Он встал, походил и остановился перед гипсовой собакой нелепой масти, стоявшей на комоде. У неё был розовый нос и трогательные голубые глаза; одно ухо было поднято вверх. Безайс пощёлкал её по звонкому носу.
— Это ваше личное дело, — прошептал он. — Вы влюбляетесь и рыдаете. Но за что я, Виктор Безайс, обязан выслушивать все это? А если я не хочу? Какое мне дело, позвольте спросить?
Собака неподвижно смотрела на него гипсовыми глазами.
На другой день снова пришёл доктор. Он осмотрел метавшегося в жару Матвеева, долго писал рецепт и расспрашивал Варю. Потом он встал и отвёл Безайса в угол.
— Это правда, что он ваш брат? — спросил он.
— Нет. Это мой товарищ.
Доктор взял Безайса за рукав и засопел.
— Хотя всё равно. Но отнеситесь к этому, как мужчина. Вы слушаете?
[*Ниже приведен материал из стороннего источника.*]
(* Let $X_n$ be the compactification degree of a simple two-dimensional lattice path chosen uniformly at random among the $4^n$ paths of length $n\ge1$. Then for $r\ge0$, \[ \mathbb{P}(X_n=r)=4^{r+1-n}\sum_{\lambda\ge0}\lambda(-1)^{\lambda-1}\bigg[\binom{2n-1}{n-\lambda2^r}-\binom{2n-1}{n-\lambda2^r-1}\bigg], \] and \[ \mathbb{E}X_n=4^{-n}\sum_{k\ge1}8k\big(2^{v_2(k)}-1\big)\bigg[\binom{2n-1}{n-k}-\binom{2n-1}{n-k-1}\bigg], \] where $v_2(k)$ is the largest $\nu$ such that $2^\nu$ divides $k$, and binomial coefficients with negative lower index are $0$.
   Context: A simple two-dimensional lattice path is a finite nonempty word over the steps $\{\uparrow,\rightarrow,\downarrow,\leftarrow\}$; its length is the number of steps. The reduction $\Phi_L(\ell)$ of a path $\ell$ of length $\ge2$: first, if the first step of $\ell$ is vertical, the entire path is rotated by $90^\circ$ clockwise; then, if the last step is horizontal, this last step alone is rotated by $90^\circ$ clockwise. The resulting path decomposes uniquely as $H_1V_1\cdots H_kV_k$ ($k\ge1$) with each $H_i$ a nonempty maximal run of horizontal steps and each $V_i$ a nonempty maximal run of vertical steps. Each block $H_iV_i$ is replaced by $\nearrow$, $\searrow$, $\swarrow$, $\nwarrow$ according as ($H_i$ starts with $\rightarrow$, $V_i$ with $\uparrow$), ($\rightarrow$, $\downarrow$), ($\leftarrow$, $\downarrow$), ($\leftarrow$, $\uparrow$); the diagonal path is then rotated by $45^\circ$ clockwise, giving $\Phi_L(\ell)$ of length $k$. The compactification degree $\mathrm{cdeg}(\ell)$ of a path of length $\ge1$ is the number $m\ge0$ such that $\Phi_L^m(\ell)$ consists of a single step. *)

theory Defs
  imports Complex_Main "HOL-Computational_Algebra.Primes"
begin

datatype step = U | R | D | L

fun is_horiz :: "step \<Rightarrow> bool" where
  "is_horiz R = True" | "is_horiz L = True" | "is_horiz U = False" | "is_horiz D = False"

abbreviation is_vert :: "step \<Rightarrow> bool" where
  "is_vert s \<equiv> \<not> is_horiz s"

fun rot :: "step \<Rightarrow> step" where
  "rot U = R" | "rot R = D" | "rot D = L" | "rot L = U"

text \<open>Decomposition H1 V1 ... Hk Vk into maximal runs; each block is recorded by the
  pair (first step of H_i, first step of V_i).\<close>
function blocks :: "step list \<Rightarrow> (step \<times> step) list" where
  "blocks [] = []"
| "blocks (h # t) =
     (case dropWhile is_horiz t of
        [] \<Rightarrow> []
      | v # t' \<Rightarrow> (h, v) # blocks (dropWhile is_vert t'))"
  by pat_completeness auto
termination
proof (relation "measure length")
  fix h t v t'
  assume "dropWhile is_horiz t = v # t'"
  then have "length (v # t') \<le> length t" by (metis length_dropWhile_le)
  then show "(dropWhile is_vert t', h # t) \<in> measure length"
    using length_dropWhile_le[of is_vert t'] by simp
qed auto

text \<open>Block (H_i V_i) to diagonal step, followed by the 45 degree clockwise rotation:
  NE \<mapsto> R, SE \<mapsto> D, SW \<mapsto> L, NW \<mapsto> U.\<close>
fun block_dir :: "step \<times> step \<Rightarrow> step" where
  "block_dir (h, v) =
     (if h = R then (if v = U then R else D) else (if v = D then L else U))"

text \<open>The reduction Phi_L (meaningful for paths of length at least 2).\<close>
definition PhiL :: "step list \<Rightarrow> step list" where
  "PhiL xs =
     (let ys = (if is_vert (hd xs) then map rot xs else xs);
          zs = (if is_horiz (last ys) then butlast ys @ [rot (last ys)] else ys)
      in map block_dir (blocks zs))"

definition cdeg :: "step list \<Rightarrow> nat" where
  "cdeg xs = (LEAST m. length ((PhiL ^^ m) xs) = 1)"

definition binz :: "nat \<Rightarrow> int \<Rightarrow> nat" where
  "binz m k = (if k < 0 then 0 else m choose nat k)"

end

theory Submission
  imports Defs "HOL-Computational_Algebra.Polynomial"
begin

text \<open>Every path of length \<open>n \<ge> 2\<close> is mapped by \<open>\<Phi>\<^sub>L\<close> onto a path of some length \<open>k\<close>,
  and each path of length \<open>k\<close> has exactly \<open>4 \<cdot> C(n-1, 2k-1) \<cdot> 2^(n-2k)\<close> preimages: four
  choices undo the normalisation of the first and last step, and the remaining count is that of
  words with a prescribed block decomposition. Hence the number of paths of degree \<open>r\<close> and the
  total degree satisfy linear recurrences in \<open>n\<close>. The ballot numbers
  \<open>b(n, j) = C(2n-1, n+j-1) - C(2n-1, n+j)\<close>, the coefficients of \<open>(x - 1)(x + 1)^(2n-1)\<close>,
  obey the same relation at even indices,
  \<open>4 b(n, 2j) = \<Sum>\<^sub>k 4 C(n-1, 2k-1) 2^(n-2k) b(k, j)\<close>, because
  \<open>(x - 1)(x + 1)^(2n-1) = (x\<^sup>2 - 1)(x\<^sup>2 + 1 + 2x)^(n-1)\<close>. Together with the moments
  \<open>\<Sum>\<^sub>l l (-1)^(l-1) b(n, l) = [n = 1]\<close> and \<open>\<Sum>\<^sub>l l b(n, l) = 4^(n-1)\<close> for the base cases,
  the closed forms therefore satisfy the recurrences.\<close>

section \<open>Ballot numbers\<close>

definition ballot_poly :: "nat \<Rightarrow> real poly" where
  "ballot_poly n = [:-1, 1:] * [:1, 1:] ^ (2 * n - 1)"

definition ballot :: "nat \<Rightarrow> nat \<Rightarrow> real" where
  "ballot n j = coeff (ballot_poly n) (n + j)"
— К чему? — спросил Безайс, холодея.
— Ему придётся отнять ногу. Больше ничего сделать нельзя.
На мгновение он перестал видеть доктора. Перед ним был Матвеев — здоровый, широкоплечий, на груди мускулы выпирали из рубашки.
— Это невозможно! — воскликнул Безайс. — Как же так?
— Кость раздроблена, срастить её нельзя. Началось нагноение.
Безайс взволнованно взъерошил волосы.
— Доктор, неужели нельзя? Вы не знаете, какой это человек! Он такой сильный и здоровый. Что он будет делать без ноги?
Доктор сердито пошевелил бровями.
— Не надо лезть! — сказал он со сдержанной яростью. — Дома надо сидеть, а не лезть на рожон. Ну, зачем вы полезли? Кто вас просил?
Безайс не слушал его. Он понимал только, что Матвееву собираются отхватить ногу около колена, и ничто на свете не может ему помочь.
— Вам ничего не втолкуешь. Идейные мальчики!
— Но его лучше прямо убить! — с отчаянием сказал Безайс. Он не мог представить себе Матвеева с одной ногой. — А если не резать?
— Он умрёт, вот и всё.
— Так пускай лучше он умрёт, — ответил Безайс.
Доктор заложил руки за спину и прошёл из угла в угол. Матвеев бормотал какой-то вздор.
— Думаете — лучше? — спросил доктор задумчиво, останавливаясь перед Безайсом.
— Лучше.
Прошло много времени — минут пятнадцать.
— Куда он денется? — сказал Безайс. — И на что он будет годен? Заборы подпирать? У него горячая кровь, он сам здоровый — что он будет делать?
Опять наступила пауза.
— Операцию я всё-таки сделаю, — сказал доктор. — Это его дело распоряжаться своей жизнью, а не ваше. Вы слушаете меня?
— Слушаю.
— Я думаю — завтра.
— Это — окончательно? Никак нельзя поправить?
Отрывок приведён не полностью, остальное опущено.